Stored data:
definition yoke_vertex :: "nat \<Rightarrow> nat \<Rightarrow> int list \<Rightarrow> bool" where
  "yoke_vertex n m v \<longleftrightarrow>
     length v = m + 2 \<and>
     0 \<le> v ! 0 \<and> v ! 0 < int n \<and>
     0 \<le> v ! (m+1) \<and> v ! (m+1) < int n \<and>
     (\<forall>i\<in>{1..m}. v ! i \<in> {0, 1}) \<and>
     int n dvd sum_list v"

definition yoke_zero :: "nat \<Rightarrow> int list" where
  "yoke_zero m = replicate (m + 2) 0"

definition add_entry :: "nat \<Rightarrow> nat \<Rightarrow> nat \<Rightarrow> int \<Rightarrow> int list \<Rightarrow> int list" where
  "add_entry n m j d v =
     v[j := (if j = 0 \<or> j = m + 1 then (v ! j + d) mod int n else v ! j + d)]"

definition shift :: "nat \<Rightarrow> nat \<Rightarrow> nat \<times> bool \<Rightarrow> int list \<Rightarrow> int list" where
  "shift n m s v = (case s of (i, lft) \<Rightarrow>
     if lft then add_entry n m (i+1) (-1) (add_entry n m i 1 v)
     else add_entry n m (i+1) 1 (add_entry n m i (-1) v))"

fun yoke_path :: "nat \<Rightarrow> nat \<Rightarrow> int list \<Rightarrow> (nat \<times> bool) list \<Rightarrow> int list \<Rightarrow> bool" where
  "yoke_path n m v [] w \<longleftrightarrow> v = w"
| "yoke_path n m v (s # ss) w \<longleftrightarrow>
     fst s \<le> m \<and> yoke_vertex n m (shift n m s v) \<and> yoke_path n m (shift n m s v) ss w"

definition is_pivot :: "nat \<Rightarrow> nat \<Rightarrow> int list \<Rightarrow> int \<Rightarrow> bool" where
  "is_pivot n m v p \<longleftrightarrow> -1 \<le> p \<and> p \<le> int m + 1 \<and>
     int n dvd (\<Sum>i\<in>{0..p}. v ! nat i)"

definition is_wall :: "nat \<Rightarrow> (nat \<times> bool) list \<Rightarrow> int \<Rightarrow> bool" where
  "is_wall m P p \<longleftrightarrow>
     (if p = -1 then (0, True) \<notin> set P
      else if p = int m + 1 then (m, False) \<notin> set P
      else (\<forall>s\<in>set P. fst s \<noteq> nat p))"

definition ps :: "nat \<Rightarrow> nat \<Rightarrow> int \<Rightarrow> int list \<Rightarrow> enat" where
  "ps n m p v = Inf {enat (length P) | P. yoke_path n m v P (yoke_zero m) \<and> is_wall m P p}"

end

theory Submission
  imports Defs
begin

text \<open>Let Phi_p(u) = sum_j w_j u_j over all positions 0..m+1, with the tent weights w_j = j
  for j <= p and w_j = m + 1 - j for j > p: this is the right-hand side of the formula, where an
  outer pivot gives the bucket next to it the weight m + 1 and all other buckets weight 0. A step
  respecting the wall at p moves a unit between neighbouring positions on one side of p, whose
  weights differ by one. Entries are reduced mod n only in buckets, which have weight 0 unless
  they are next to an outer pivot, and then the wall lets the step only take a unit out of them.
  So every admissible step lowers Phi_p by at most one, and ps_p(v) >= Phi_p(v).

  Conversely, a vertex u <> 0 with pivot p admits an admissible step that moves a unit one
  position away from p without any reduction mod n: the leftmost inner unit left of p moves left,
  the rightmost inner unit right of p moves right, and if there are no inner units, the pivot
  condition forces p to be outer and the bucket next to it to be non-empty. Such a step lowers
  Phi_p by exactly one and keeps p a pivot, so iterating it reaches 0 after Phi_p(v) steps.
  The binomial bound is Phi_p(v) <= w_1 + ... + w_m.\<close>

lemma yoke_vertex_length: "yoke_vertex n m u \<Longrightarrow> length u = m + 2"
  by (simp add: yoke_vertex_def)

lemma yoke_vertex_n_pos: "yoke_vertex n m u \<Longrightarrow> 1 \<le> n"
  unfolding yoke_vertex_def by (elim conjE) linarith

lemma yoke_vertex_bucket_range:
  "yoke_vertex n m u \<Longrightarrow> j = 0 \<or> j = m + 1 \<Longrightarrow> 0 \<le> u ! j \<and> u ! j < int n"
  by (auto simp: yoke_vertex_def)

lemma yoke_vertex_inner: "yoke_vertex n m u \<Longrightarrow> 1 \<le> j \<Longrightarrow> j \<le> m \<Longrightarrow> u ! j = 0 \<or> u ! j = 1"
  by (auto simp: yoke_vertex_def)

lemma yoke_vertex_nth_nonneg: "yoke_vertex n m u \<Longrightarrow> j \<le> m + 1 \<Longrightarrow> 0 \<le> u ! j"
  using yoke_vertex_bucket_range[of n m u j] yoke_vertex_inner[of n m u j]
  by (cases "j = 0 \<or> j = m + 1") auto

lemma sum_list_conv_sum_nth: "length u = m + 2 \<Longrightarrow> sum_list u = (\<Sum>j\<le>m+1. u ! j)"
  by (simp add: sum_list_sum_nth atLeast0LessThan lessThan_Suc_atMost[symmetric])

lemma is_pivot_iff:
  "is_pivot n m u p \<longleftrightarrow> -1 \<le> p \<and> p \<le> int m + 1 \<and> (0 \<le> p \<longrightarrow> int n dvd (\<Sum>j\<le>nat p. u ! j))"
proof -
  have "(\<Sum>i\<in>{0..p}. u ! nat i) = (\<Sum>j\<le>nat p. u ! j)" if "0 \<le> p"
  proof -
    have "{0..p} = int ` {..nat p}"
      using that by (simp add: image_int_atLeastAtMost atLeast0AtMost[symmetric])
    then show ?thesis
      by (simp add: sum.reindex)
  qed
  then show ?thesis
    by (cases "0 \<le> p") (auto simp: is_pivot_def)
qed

Task requirements: Above are the entries. Copy exactly the part that opens with the line containing "int \<Rightarrow> int list \<Rightarrow> int" and closes with the line containing "ss) w \<longleftrightarrow>", and no more.

Answer for the task:
definition add_entry :: "nat \<Rightarrow> nat \<Rightarrow> nat \<Rightarrow> int \<Rightarrow> int list \<Rightarrow> int list" where
  "add_entry n m j d v =
     v[j := (if j = 0 \<or> j = m + 1 then (v ! j + d) mod int n else v ! j + d)]"

definition shift :: "nat \<Rightarrow> nat \<Rightarrow> nat \<times> bool \<Rightarrow> int list \<Rightarrow> int list" where
  "shift n m s v = (case s of (i, lft) \<Rightarrow>
     if lft then add_entry n m (i+1) (-1) (add_entry n m i 1 v)
     else add_entry n m (i+1) 1 (add_entry n m i (-1) v))"

fun yoke_path :: "nat \<Rightarrow> nat \<Rightarrow> int list \<Rightarrow> (nat \<times> bool) list \<Rightarrow> int list \<Rightarrow> bool" where
  "yoke_path n m v [] w \<longleftrightarrow> v = w"
| "yoke_path n m v (s # ss) w \<longleftrightarrow>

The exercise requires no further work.